- Born: 19 December 1859 Rome
- Died: 13 June 1914 (aged 54) Smyrna, Ottoman Empire
- Known for: Painter, Writer, Diplomat
- Movement: Orientalist; Genre painting

= Odoardo Toscani =

Italian painter (1859–1914)

Odoardo Toscani (19 December 1859 - 13 June 1914) was an Italian painter, mainly of portraits and battle scenes, genre scenes and Orientalist themes.

==Life and career==

He was born in Rome in 1859 from David Toscani (a professor of Forensic Law and dean of the School of Medicine of the University of Rome La Sapienza) and Augusta Leonini-Pignotti (a noblewoman). He graduated in Law from the University of Rome. He undertook a career as a diplomat and later in life traveled to Tunisia, Turkey and to Egypt where he served as Consul General in representation of the Kingdom of Italy.
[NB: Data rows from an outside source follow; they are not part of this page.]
lemma Icc_dist_subset_image:
  fixes f :: "real \<Rightarrow> 'a::metric_space"
  assumes "continuous_on {c..d} f" "c \<le> d"
  shows "{0..dist (f c) (f d)} \<subseteq> (\<lambda>t. dist (f c) (f t)) ` {c..d}"
proof -
  have "connected ((\<lambda>t. dist (f c) (f t)) ` {c..d})"
    by (intro connected_continuous_image continuous_intros assms) auto
  moreover have "0 \<in> (\<lambda>t. dist (f c) (f t)) ` {c..d}"
    and "dist (f c) (f d) \<in> (\<lambda>t. dist (f c) (f t)) ` {c..d}"
    using assms by force+
  ultimately show ?thesis
    by (meson connected_contains_Icc)
qed

lemma md_less_imp_local_bound:
  fixes f :: "real \<Rightarrow> 'a::metric_space"
  assumes "a < b" "x \<in> {a..b}" "md_exists f a b x" "md f a b x < B"
  obtains \<rho> where "\<rho> > 0" "\<And>y. y \<in> {a..b} \<Longrightarrow> \<bar>y - x\<bar> < \<rho> \<Longrightarrow> dist (f y) (f x) \<le> B * \<bar>y - x\<bar>"
proof -
  let ?F = "at (0::real) within {t. x + t \<in> {a..b}}"
  obtain L where L: "((\<lambda>t. dist (f (x + t)) (f x) / \<bar>t\<bar>) \<longlongrightarrow> L) ?F"
    using assms(3) unfolding md_exists_def by blast
  have "{t. x + t \<in> {a..b}} = {a - x..b - x}"
    by auto
  then have "\<not> trivial_limit ?F"
    using assms(1,2) by (auto simp: trivial_limit_within islimpt_Icc)
  then have "md f a b x = L"
    unfolding md_def using L by (simp add: tendsto_Lim)
  then have "\<forall>\<^sub>F t in ?F. dist (f (x + t)) (f x) / \<bar>t\<bar> < B"
    using L assms(4) order_tendstoD(2) by metis
  then obtain \<rho> where "\<rho> > 0"
    and \<rho>: "\<And>t. x + t \<in> {a..b} \<Longrightarrow> t \<noteq> 0 \<Longrightarrow> \<bar>t\<bar> < \<rho> \<Longrightarrow> dist (f (x + t)) (f x) / \<bar>t\<bar> < B"
    unfolding eventually_at by (auto simp: dist_real_def)
  have "dist (f y) (f x) \<le> B * \<bar>y - x\<bar>" if "y \<in> {a..b}" "\<bar>y - x\<bar> < \<rho>" for y
  proof (cases "y = x")
    case False
    then have "dist (f (x + (y - x))) (f x) / \<bar>y - x\<bar> < B"
      using that by (intro \<rho>) auto
    then show ?thesis
      using False by (simp add: divide_simps split: if_splits)
  qed simp
  with \<open>\<rho> > 0\<close> show thesis
    using that by blast
qed

lemma md_less_imp_local_bound_dist:
  fixes f :: "real \<Rightarrow> 'a::metric_space"
  assumes "a < b" "x \<in> {a..b}" "md_exists f a b x" "md f a b x < B" "S \<subseteq> {a..b}"
  shows "\<exists>\<rho>>0. \<forall>y\<in>S. \<bar>y - x\<bar> < \<rho> \<longrightarrow> \<bar>dist p (f y) - dist p (f x)\<bar> \<le> B * \<bar>y - x\<bar>"
proof -
  obtain \<rho> where "\<rho> > 0"
    and \<rho>: "\<And>y. y \<in> {a..b} \<Longrightarrow> \<bar>y - x\<bar> < \<rho> \<Longrightarrow> dist (f y) (f x) \<le> B * \<bar>y - x\<bar>"
    using md_less_imp_local_bound[OF assms(1-4)] by blast
  have "\<bar>dist p (f y) - dist p (f x)\<bar> \<le> B * \<bar>y - x\<bar>" if "y \<in> S" "\<bar>y - x\<bar> < \<rho>" for y
    using abs_dist_diff_le[of "f y" p "f x"] \<rho>[of y] that assms(5)
    by (auto simp: dist_commute)
  with \<open>\<rho> > 0\<close> show ?thesis
    by blast
qed

lemma hausdorff1_zero_imp_small_cover:
  assumes "hausdorff1 X = 0" "e > 0"
  obtains C :: "nat \<Rightarrow> 'a::metric_space set"
  where "X \<subseteq> (\<Union>i. C i)" "\<And>i. bounded (C i)" "(\<Sum>i. ennreal (diameter (C i))) < ennreal e"
proof -
  have "hausdorff1_delta 1 X = 0"
    using assms(1) unfolding hausdorff1_def bot_ennreal[symmetric] SUP_bot_conv by auto
  then have "hausdorff1_delta 1 X < ennreal e"
    using assms(2) by simp
  then show thesis
    using that unfolding hausdorff1_delta_def INF_less_iff by blast
qed

lemma hausdorff1_zero_imp_negligible_dist_image:
  fixes X :: "'a::metric_space set"
  assumes "hausdorff1 X = 0"
  shows "negligible ((\<lambda>y. dist p y) ` X)"
  unfolding negligible_outer_le
proof (intro allI impI)
  fix e :: real
  assume "e > 0"
  then obtain C :: "nat \<Rightarrow> 'a set" where C: "X \<subseteq> (\<Union>i. C i)" "\<And>i. bounded (C i)"
    "(\<Sum>i. ennreal (diameter (C i))) < ennreal (e/2)"
    using hausdorff1_zero_imp_small_cover[OF assms, of "e/2"] by auto
  \<comment> \<open>\<open>dist p\<close> maps a set of diameter \<open>r\<close> into an interval of length \<open>2 r\<close>\<close>
  define c where "c i = (SOME y. y \<in> C i)" for i
  define J where "J i = (if C i = {} then {} else {dist p (c i) - diameter (C i) .. dist p (c i) + diameter (C i)})" for i
  have J_sets: "J i \<in> sets lebesgue" for i
    unfolding J_def by auto
  have "(\<lambda>y. dist p y) ` X \<subseteq> (\<Union>i. J i)"
  proof
    fix s assume "s \<in> (\<lambda>y. dist p y) ` X"
    then obtain y i where y: "s = dist p y" "y \<in> C i"
      using C(1) by blast
    have "c i \<in> C i"
      unfolding c_def using y(2) by (rule someI)
    then have "dist y (c i) \<le> diameter (C i)"
      using diameter_bounded_bound[OF C(2) y(2)] by blast
    then have "s \<in> J i"
      unfolding J_def y(1) using y(2) dist_triangle[of p y "c i"] dist_triangle[of p "c i" y]
      by (auto simp: dist_commute)
    then show "s \<in> (\<Union>i. J i)"
      by blast
  qed
  moreover have "emeasure lebesgue (\<Union>i. J i) \<le> ennreal e"
  proof -
    have "emeasure lebesgue (\<Union>i. J i) \<le> (\<Sum>i. emeasure lebesgue (J i))"
      using J_sets by (intro emeasure_subadditive_countably) auto
    also have "\<dots> \<le> (\<Sum>i. 2 * ennreal (diameter (C i)))"
      using diameter_ge_0[OF C(2)]
      by (intro suminf_le) (auto simp: J_def emeasure_lborel_Icc_eq ennreal_mult)
    also have "\<dots> = 2 * (\<Sum>i. ennreal (diameter (C i)))"
      by (rule ennreal_suminf_cmult)
    also have "\<dots> \<le> 2 * ennreal (e/2)"
      using C(3) by (intro mult_left_mono) auto
    also have "\<dots> = ennreal e"
      using \<open>e > 0\<close> by (subst ennreal_numeral[symmetric], subst ennreal_mult[symmetric]) auto
    finally show ?thesis .
  qed
  moreover have "(\<Union>i. J i) \<in> lmeasurable"
    using J_sets \<open>e > 0\<close> calculation(2) by (intro fmeasurableI) (auto intro: le_less_trans)
  moreover have "measure lebesgue (\<Union>i. J i) \<le> e"
    using calculation(2) \<open>e > 0\<close> by (simp add: measure_def enn2real_leI)
  ultimately show "\<exists>T. (\<lambda>y. dist p y) ` X \<subseteq> T \<and> T \<in> lmeasurable \<and> measure lebesgue T \<le> e"
    by blast
qed

lemma property_N_imp_negligible_dist_image:
  fixes f :: "real \<Rightarrow> 'a::metric_space"
  assumes "property_N f a b" "Z \<subseteq> {a..b}" "negligible Z"
  shows "negligible ((\<lambda>t. dist p (f t)) ` Z)"
proof -
  have "hausdorff1 (f ` Z) = 0"
    using assms unfolding property_N_def negligible_iff_null_sets by blast
  then show ?thesis
    using hausdorff1_zero_imp_negligible_dist_image[of "f ` Z" p] by (simp add: image_image)
qed

lemma le_integral_if_Icc_subset_image:
  fixes h g :: "real \<Rightarrow> real"
  assumes S: "S \<in> lmeasurable" and g: "integrable lebesgue g" "\<And>x. 0 \<le> g x"
    and lip: "\<And>x B. x \<in> S \<Longrightarrow> g x < B \<Longrightarrow>
      \<exists>\<rho>>0. \<forall>y\<in>S. \<bar>y - x\<bar> < \<rho> \<longrightarrow> \<bar>h y - h x\<bar> \<le> B * \<bar>y - x\<bar>"
    and neg: "\<And>Z. Z \<subseteq> S \<Longrightarrow> negligible Z \<Longrightarrow> negligible (h ` Z)"
    and cover: "{0..D} \<subseteq> h ` S \<union> Z" and "negligible Z"
  shows "D \<le> integral\<^sup>L lebesgue (\<lambda>x. indicator S x * g x)"
proof (rule field_le_epsilon)
  fix e :: real
  assume "e > 0"
  let ?I = "integral\<^sup>L lebesgue (\<lambda>x. indicator S x * g x)"
  obtain T where T: "h ` S \<subseteq> T" "T \<in> sets lebesgue" "emeasure lebesgue T \<le> ennreal (?I + e)"
    using image_measure_le_integral[OF S g lip neg \<open>e > 0\<close>] by blast
  have Z: "Z \<in> null_sets lebesgue"
    using \<open>negligible Z\<close> by (simp add: negligible_iff_null_sets)
  have "ennreal D = emeasure lebesgue {0..D}"
    by (cases "D \<ge> 0") (simp_all add: ennreal_neg)
  also have "\<dots> \<le> emeasure lebesgue (T \<union> Z)"
    using T(1,2) cover Z by (intro emeasure_mono) auto
  also have "\<dots> = emeasure lebesgue T"
    using T(2) Z by (rule emeasure_Un_null_set)
  finally have "ennreal D \<le> ennreal (?I + e)"
    using T(3) by order
  moreover have "?I \<ge> 0"
    using g(2) by (intro integral_nonneg_AE) (simp add: indicator_def)
  ultimately show "D \<le> ?I + e"
    using \<open>e > 0\<close> by (simp add: ennreal_le_iff del: ennreal_plus)
qed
He was a painter who focused primarily on battle scenes, and paintings of orientalist themes. Among his works: Crimea, August 15, 1855, was presented at Exposition of Turin of 1883. Among other military themed paintings: In Marcia; L'Alt, and Le Grandi Manovre. Un Etèra was exhibited in Rome in 1883.

He was also a writer and intellectual figure, whose writings included short stories, poems, and critical essays. He died in Smyrna, Turkey.